> _SUPPLIED INFORMATION_
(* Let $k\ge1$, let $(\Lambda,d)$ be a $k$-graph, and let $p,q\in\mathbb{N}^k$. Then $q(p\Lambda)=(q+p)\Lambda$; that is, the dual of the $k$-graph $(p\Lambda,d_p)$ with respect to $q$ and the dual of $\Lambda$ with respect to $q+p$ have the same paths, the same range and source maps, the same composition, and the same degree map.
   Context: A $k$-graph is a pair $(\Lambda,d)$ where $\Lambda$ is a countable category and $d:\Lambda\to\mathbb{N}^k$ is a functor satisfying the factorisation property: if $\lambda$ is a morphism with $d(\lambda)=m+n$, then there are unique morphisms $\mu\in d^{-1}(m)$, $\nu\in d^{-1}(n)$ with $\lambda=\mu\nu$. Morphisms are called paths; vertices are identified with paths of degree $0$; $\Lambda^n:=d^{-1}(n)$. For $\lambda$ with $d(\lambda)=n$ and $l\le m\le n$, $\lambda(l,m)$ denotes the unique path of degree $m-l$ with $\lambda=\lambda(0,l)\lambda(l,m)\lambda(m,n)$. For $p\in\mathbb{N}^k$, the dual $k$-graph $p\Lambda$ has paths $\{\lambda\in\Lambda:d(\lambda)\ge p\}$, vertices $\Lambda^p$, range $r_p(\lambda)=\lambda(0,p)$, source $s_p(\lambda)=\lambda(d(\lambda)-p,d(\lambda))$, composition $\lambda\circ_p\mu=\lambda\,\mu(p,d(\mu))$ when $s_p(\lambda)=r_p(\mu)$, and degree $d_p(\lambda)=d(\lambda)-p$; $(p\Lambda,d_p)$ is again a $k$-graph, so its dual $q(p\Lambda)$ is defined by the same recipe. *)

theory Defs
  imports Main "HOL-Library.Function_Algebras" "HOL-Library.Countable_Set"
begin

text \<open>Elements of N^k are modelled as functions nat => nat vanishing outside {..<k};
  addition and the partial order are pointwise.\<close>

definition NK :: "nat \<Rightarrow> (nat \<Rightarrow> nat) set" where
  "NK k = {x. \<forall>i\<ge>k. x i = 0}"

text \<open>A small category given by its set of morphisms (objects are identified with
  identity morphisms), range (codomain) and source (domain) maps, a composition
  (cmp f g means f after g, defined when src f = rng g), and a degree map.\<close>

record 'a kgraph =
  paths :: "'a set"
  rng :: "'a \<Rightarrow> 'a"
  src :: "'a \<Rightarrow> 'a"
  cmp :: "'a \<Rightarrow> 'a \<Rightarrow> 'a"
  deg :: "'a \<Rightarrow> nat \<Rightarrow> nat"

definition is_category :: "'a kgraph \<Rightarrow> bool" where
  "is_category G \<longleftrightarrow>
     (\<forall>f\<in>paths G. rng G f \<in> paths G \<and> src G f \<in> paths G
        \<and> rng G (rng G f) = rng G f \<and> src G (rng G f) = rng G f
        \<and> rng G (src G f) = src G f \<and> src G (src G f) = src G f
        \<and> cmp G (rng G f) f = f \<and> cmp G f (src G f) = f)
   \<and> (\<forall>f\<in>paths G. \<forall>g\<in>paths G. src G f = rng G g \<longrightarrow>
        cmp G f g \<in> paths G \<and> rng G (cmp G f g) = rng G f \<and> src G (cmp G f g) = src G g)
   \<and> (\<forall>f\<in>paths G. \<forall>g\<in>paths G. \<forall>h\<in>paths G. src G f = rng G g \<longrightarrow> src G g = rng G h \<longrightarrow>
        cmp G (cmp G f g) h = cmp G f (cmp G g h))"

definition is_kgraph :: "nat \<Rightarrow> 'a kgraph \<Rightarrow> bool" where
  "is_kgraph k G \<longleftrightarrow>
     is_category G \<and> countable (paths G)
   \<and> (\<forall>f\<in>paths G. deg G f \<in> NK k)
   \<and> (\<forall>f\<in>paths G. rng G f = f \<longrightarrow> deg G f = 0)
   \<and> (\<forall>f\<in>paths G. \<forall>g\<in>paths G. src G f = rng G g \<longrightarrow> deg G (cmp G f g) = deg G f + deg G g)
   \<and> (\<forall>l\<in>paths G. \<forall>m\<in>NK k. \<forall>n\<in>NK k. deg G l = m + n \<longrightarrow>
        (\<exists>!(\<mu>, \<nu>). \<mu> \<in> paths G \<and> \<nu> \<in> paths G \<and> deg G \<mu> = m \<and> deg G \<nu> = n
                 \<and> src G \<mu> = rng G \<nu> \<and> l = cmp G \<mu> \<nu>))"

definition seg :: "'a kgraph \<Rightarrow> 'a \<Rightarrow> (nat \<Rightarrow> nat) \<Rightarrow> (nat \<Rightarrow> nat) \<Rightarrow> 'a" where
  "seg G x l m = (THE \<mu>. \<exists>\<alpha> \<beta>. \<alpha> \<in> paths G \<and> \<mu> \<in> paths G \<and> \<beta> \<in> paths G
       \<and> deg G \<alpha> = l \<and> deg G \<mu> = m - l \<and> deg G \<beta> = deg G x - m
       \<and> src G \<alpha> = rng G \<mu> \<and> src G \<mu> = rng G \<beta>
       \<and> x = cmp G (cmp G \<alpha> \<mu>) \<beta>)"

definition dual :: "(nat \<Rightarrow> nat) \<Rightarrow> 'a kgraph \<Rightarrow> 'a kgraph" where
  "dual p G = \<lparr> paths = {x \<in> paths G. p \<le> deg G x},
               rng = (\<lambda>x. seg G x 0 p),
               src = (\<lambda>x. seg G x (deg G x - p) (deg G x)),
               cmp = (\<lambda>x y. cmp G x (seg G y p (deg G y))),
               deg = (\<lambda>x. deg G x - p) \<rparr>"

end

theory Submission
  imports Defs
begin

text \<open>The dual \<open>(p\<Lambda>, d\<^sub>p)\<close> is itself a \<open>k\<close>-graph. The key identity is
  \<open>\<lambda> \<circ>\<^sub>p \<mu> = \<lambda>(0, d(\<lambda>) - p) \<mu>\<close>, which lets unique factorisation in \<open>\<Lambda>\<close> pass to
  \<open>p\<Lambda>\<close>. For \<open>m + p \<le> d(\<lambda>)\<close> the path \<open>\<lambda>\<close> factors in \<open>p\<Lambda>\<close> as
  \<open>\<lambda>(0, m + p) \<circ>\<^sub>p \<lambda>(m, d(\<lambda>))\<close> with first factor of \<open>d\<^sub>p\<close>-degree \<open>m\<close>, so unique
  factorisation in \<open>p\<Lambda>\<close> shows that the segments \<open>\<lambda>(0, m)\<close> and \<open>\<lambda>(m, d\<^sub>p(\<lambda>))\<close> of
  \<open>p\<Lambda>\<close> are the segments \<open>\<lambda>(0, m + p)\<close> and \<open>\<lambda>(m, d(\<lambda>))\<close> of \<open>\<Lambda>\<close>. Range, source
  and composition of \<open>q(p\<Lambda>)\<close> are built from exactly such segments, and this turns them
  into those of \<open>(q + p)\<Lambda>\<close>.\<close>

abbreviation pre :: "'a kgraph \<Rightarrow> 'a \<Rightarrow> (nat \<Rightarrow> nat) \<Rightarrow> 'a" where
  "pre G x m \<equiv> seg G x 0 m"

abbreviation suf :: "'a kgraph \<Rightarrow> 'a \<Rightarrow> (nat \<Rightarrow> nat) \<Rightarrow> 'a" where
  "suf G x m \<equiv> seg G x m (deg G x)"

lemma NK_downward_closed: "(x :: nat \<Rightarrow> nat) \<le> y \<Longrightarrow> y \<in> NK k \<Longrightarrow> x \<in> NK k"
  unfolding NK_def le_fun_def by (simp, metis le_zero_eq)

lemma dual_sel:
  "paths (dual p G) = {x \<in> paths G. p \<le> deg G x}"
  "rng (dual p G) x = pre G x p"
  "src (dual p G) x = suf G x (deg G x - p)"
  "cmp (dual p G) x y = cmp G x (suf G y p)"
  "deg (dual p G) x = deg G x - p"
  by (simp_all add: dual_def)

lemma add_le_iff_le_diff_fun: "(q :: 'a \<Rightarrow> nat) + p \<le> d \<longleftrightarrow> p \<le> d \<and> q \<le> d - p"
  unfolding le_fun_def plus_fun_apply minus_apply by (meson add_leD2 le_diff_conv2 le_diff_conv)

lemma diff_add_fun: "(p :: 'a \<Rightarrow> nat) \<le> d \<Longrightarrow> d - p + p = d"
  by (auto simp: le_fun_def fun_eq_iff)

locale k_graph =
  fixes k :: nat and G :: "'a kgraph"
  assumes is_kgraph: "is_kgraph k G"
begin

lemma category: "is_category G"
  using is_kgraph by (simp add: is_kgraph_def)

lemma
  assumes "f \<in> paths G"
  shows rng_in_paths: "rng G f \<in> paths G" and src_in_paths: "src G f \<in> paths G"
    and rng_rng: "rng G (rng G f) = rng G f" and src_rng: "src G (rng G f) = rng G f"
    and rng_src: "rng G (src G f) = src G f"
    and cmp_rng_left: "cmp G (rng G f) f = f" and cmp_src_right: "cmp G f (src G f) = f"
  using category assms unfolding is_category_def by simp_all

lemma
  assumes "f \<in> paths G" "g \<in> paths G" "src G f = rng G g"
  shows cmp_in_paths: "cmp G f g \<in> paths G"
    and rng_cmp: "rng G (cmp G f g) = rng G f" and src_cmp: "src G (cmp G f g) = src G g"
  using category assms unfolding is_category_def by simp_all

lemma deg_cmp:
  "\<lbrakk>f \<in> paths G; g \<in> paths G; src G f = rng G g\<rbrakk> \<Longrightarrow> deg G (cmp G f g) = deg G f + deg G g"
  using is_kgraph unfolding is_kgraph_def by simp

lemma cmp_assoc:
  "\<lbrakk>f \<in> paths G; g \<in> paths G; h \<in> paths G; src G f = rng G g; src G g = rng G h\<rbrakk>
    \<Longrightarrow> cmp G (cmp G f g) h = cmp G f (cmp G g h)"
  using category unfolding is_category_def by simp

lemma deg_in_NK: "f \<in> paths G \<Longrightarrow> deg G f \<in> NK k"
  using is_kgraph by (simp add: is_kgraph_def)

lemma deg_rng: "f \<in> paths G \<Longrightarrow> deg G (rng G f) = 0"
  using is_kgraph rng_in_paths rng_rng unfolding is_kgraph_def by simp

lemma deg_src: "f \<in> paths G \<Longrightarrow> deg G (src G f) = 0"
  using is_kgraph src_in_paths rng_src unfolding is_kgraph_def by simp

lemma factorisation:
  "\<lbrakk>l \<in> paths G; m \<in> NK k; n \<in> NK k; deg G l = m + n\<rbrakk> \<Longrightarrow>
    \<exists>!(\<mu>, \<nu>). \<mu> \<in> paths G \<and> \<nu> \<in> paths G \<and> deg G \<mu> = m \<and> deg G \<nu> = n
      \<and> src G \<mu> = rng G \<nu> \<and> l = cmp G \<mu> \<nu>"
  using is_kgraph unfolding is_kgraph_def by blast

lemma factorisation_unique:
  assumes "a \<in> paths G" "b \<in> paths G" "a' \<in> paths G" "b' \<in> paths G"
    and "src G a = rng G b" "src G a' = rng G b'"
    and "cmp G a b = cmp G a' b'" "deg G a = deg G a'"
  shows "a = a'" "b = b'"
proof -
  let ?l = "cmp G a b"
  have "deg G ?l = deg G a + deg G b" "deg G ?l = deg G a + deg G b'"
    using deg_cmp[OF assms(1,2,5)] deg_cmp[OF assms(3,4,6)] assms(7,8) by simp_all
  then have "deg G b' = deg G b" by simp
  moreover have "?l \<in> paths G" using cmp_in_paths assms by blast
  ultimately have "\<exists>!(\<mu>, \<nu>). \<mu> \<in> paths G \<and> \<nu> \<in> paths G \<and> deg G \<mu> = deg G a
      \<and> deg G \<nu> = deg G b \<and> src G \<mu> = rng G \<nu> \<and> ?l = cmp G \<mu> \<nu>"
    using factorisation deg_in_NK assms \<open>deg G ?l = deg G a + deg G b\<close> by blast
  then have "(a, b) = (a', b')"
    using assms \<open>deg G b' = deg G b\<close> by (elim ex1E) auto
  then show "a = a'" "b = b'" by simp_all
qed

> _PROBLEM TO WORK ON_
As listed above, the lines from the line with "m + n \<longrightarrow>" to the line with "in \<open>p\<Lambda>\<close> as" are to be echoed exactly, with both ends included and nothing added.

> _WRITTEN SOLUTION_
   \<and> (\<forall>l\<in>paths G. \<forall>m\<in>NK k. \<forall>n\<in>NK k. deg G l = m + n \<longrightarrow>
        (\<exists>!(\<mu>, \<nu>). \<mu> \<in> paths G \<and> \<nu> \<in> paths G \<and> deg G \<mu> = m \<and> deg G \<nu> = n
                 \<and> src G \<mu> = rng G \<nu> \<and> l = cmp G \<mu> \<nu>))"

definition seg :: "'a kgraph \<Rightarrow> 'a \<Rightarrow> (nat \<Rightarrow> nat) \<Rightarrow> (nat \<Rightarrow> nat) \<Rightarrow> 'a" where
  "seg G x l m = (THE \<mu>. \<exists>\<alpha> \<beta>. \<alpha> \<in> paths G \<and> \<mu> \<in> paths G \<and> \<beta> \<in> paths G
       \<and> deg G \<alpha> = l \<and> deg G \<mu> = m - l \<and> deg G \<beta> = deg G x - m
       \<and> src G \<alpha> = rng G \<mu> \<and> src G \<mu> = rng G \<beta>
       \<and> x = cmp G (cmp G \<alpha> \<mu>) \<beta>)"

definition dual :: "(nat \<Rightarrow> nat) \<Rightarrow> 'a kgraph \<Rightarrow> 'a kgraph" where
  "dual p G = \<lparr> paths = {x \<in> paths G. p \<le> deg G x},
               rng = (\<lambda>x. seg G x 0 p),
               src = (\<lambda>x. seg G x (deg G x - p) (deg G x)),
               cmp = (\<lambda>x y. cmp G x (seg G y p (deg G y))),
               deg = (\<lambda>x. deg G x - p) \<rparr>"

end

theory Submission
  imports Defs
begin

text \<open>The dual \<open>(p\<Lambda>, d\<^sub>p)\<close> is itself a \<open>k\<close>-graph. The key identity is
  \<open>\<lambda> \<circ>\<^sub>p \<mu> = \<lambda>(0, d(\<lambda>) - p) \<mu>\<close>, which lets unique factorisation in \<open>\<Lambda>\<close> pass to
  \<open>p\<Lambda>\<close>. For \<open>m + p \<le> d(\<lambda>)\<close> the path \<open>\<lambda>\<close> factors in \<open>p\<Lambda>\<close> as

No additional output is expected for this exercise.